*What you will do:*
For the data below, restate word for word only the lines from the line containing "using b(1) e(1) by (simp add: ac_simps)" through the line containing "unfolding b_eq using", both ends included.

::: Task input

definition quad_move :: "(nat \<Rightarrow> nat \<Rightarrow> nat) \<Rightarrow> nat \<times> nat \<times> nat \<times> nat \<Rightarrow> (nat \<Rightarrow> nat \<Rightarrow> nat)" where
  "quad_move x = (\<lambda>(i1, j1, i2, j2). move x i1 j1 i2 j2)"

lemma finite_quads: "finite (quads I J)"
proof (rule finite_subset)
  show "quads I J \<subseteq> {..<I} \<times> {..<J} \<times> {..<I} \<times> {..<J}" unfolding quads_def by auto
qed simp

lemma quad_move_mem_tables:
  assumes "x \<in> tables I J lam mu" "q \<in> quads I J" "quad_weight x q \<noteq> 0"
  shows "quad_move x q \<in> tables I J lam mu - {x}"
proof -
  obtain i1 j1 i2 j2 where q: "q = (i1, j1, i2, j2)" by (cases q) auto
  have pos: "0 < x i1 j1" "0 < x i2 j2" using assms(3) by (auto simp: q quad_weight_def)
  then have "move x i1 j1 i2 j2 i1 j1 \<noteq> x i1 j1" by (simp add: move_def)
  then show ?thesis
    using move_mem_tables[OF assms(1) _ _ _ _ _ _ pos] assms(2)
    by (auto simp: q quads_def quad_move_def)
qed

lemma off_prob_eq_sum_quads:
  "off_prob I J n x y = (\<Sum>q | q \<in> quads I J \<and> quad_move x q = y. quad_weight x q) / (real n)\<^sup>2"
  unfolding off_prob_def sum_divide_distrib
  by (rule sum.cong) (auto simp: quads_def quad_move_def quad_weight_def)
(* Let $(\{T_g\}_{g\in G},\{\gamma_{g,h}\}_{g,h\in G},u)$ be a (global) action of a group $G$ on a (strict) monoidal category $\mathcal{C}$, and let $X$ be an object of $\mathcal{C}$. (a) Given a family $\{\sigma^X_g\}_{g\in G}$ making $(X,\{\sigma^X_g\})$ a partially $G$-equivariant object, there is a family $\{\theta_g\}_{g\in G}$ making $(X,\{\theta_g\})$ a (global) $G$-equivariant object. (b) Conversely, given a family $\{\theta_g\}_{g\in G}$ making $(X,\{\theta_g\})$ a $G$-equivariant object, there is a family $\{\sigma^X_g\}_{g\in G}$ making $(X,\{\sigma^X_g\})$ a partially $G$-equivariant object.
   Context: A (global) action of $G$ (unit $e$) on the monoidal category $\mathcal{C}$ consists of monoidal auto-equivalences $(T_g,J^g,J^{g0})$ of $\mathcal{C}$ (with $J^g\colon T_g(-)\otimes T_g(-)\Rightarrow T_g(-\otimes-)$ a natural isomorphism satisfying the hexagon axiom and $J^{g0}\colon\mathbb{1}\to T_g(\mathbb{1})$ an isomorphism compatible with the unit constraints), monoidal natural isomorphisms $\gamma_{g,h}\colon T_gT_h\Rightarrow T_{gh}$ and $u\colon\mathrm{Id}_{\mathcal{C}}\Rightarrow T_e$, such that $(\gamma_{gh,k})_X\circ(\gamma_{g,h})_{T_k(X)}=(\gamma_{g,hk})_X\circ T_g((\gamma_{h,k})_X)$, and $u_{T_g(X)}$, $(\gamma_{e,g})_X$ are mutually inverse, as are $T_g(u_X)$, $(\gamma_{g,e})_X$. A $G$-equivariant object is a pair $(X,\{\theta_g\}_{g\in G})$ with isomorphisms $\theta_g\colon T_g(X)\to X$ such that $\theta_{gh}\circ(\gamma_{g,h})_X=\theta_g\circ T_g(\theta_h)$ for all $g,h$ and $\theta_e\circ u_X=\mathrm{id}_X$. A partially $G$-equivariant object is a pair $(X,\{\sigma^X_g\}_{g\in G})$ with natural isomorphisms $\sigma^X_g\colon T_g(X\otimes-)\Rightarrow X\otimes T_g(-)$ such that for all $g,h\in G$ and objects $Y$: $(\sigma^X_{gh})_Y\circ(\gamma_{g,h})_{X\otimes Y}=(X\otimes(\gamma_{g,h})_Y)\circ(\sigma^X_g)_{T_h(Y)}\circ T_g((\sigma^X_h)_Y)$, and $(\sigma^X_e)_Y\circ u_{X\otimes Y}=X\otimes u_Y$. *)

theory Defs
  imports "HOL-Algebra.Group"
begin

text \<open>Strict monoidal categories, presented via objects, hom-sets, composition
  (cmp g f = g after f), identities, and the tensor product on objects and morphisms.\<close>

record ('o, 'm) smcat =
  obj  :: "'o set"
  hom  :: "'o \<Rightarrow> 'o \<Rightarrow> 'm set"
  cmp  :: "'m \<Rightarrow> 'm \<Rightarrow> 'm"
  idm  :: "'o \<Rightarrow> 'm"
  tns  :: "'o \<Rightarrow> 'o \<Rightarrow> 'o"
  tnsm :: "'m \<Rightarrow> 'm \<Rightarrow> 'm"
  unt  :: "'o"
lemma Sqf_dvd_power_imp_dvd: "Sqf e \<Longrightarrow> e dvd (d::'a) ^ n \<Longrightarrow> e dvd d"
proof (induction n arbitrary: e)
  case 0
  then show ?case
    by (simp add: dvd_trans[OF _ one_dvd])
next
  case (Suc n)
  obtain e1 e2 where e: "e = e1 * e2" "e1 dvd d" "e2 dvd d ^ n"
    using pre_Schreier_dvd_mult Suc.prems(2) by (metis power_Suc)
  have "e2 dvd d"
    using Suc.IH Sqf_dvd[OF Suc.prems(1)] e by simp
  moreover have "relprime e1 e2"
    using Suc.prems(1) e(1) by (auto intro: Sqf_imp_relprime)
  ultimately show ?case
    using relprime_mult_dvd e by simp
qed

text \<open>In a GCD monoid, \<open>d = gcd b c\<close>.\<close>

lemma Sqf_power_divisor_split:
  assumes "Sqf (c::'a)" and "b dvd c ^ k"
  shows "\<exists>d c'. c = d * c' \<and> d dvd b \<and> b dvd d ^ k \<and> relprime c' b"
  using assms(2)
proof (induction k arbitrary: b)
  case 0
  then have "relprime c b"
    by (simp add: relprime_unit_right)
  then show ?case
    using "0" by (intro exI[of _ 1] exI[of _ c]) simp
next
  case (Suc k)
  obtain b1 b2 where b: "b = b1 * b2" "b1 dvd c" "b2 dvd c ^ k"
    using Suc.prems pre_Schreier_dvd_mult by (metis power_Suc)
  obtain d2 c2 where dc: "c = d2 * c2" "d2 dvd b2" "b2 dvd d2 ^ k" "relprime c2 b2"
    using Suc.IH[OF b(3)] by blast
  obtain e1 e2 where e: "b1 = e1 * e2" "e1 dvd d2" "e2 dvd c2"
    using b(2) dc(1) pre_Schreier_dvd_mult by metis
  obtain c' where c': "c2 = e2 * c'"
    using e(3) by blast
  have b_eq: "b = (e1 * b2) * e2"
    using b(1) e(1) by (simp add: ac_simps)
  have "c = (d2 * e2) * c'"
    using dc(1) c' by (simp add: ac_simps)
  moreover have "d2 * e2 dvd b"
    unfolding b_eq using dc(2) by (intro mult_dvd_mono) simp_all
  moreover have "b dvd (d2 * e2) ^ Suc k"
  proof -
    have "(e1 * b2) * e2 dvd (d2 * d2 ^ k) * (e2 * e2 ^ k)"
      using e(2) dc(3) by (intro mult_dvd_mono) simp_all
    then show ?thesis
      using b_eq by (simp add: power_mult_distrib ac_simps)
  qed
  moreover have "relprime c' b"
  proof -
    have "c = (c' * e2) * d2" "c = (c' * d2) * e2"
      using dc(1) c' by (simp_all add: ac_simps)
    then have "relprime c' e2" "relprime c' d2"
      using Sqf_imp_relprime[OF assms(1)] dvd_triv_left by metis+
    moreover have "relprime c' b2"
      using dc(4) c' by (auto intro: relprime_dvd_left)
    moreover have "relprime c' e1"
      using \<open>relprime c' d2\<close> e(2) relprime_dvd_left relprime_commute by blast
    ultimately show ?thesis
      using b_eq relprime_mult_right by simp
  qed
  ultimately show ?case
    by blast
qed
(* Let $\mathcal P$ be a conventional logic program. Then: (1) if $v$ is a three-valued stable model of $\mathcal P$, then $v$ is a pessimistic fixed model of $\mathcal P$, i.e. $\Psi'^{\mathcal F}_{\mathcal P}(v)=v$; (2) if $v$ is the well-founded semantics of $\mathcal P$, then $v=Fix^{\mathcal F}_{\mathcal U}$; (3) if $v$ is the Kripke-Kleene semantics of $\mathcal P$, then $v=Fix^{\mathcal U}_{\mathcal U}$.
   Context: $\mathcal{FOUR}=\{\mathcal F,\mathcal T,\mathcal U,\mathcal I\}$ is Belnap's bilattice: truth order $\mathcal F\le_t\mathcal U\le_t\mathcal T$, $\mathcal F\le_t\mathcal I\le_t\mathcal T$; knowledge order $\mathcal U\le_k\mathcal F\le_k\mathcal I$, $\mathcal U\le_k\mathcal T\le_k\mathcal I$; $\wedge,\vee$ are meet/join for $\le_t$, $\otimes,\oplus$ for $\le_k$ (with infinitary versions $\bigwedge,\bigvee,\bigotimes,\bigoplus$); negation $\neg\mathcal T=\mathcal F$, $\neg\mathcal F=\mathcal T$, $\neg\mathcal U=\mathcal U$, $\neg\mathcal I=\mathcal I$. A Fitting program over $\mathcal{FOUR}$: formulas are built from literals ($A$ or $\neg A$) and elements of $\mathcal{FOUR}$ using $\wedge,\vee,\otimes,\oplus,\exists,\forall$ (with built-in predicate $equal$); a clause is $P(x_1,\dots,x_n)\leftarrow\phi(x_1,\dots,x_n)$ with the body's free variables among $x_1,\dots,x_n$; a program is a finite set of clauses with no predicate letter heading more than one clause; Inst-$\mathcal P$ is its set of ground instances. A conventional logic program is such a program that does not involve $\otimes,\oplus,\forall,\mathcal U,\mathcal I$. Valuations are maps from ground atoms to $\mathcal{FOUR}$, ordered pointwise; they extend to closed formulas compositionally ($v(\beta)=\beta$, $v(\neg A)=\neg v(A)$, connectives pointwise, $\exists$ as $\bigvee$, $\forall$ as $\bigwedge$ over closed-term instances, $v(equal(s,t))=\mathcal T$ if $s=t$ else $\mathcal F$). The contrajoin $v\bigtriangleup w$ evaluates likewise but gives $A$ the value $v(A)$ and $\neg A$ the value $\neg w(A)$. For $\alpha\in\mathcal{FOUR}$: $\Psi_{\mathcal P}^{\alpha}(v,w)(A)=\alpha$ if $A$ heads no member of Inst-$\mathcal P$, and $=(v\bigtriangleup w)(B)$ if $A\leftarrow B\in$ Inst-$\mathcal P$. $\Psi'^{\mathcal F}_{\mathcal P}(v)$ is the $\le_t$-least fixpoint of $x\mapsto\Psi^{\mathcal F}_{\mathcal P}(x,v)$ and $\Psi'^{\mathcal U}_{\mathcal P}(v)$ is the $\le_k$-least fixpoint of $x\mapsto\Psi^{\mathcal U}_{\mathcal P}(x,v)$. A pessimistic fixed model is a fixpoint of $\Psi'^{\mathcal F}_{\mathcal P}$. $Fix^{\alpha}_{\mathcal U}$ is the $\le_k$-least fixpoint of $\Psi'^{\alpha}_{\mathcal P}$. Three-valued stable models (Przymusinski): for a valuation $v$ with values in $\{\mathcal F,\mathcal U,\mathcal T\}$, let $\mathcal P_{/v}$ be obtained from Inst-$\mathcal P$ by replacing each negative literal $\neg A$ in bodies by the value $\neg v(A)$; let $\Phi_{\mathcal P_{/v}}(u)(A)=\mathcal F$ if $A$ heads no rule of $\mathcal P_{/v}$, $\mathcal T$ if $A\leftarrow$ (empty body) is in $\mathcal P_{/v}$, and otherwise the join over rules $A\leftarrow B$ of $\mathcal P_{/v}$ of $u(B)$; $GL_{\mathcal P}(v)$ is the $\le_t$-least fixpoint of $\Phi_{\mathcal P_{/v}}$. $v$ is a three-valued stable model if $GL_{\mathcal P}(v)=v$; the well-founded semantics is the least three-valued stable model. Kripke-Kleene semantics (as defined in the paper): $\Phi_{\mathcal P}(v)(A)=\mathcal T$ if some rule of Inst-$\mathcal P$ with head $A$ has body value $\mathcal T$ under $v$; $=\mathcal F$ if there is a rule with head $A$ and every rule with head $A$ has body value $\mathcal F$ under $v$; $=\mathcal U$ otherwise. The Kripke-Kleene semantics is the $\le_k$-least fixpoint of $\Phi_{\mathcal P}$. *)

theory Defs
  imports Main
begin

::::::

*Completed task:*
    using b(1) e(1) by (simp add: ac_simps)
  have "c = (d2 * e2) * c'"
    using dc(1) c' by (simp add: ac_simps)
  moreover have "d2 * e2 dvd b"
    unfolding b_eq using dc(2) by (intro mult_dvd_mono) simp_all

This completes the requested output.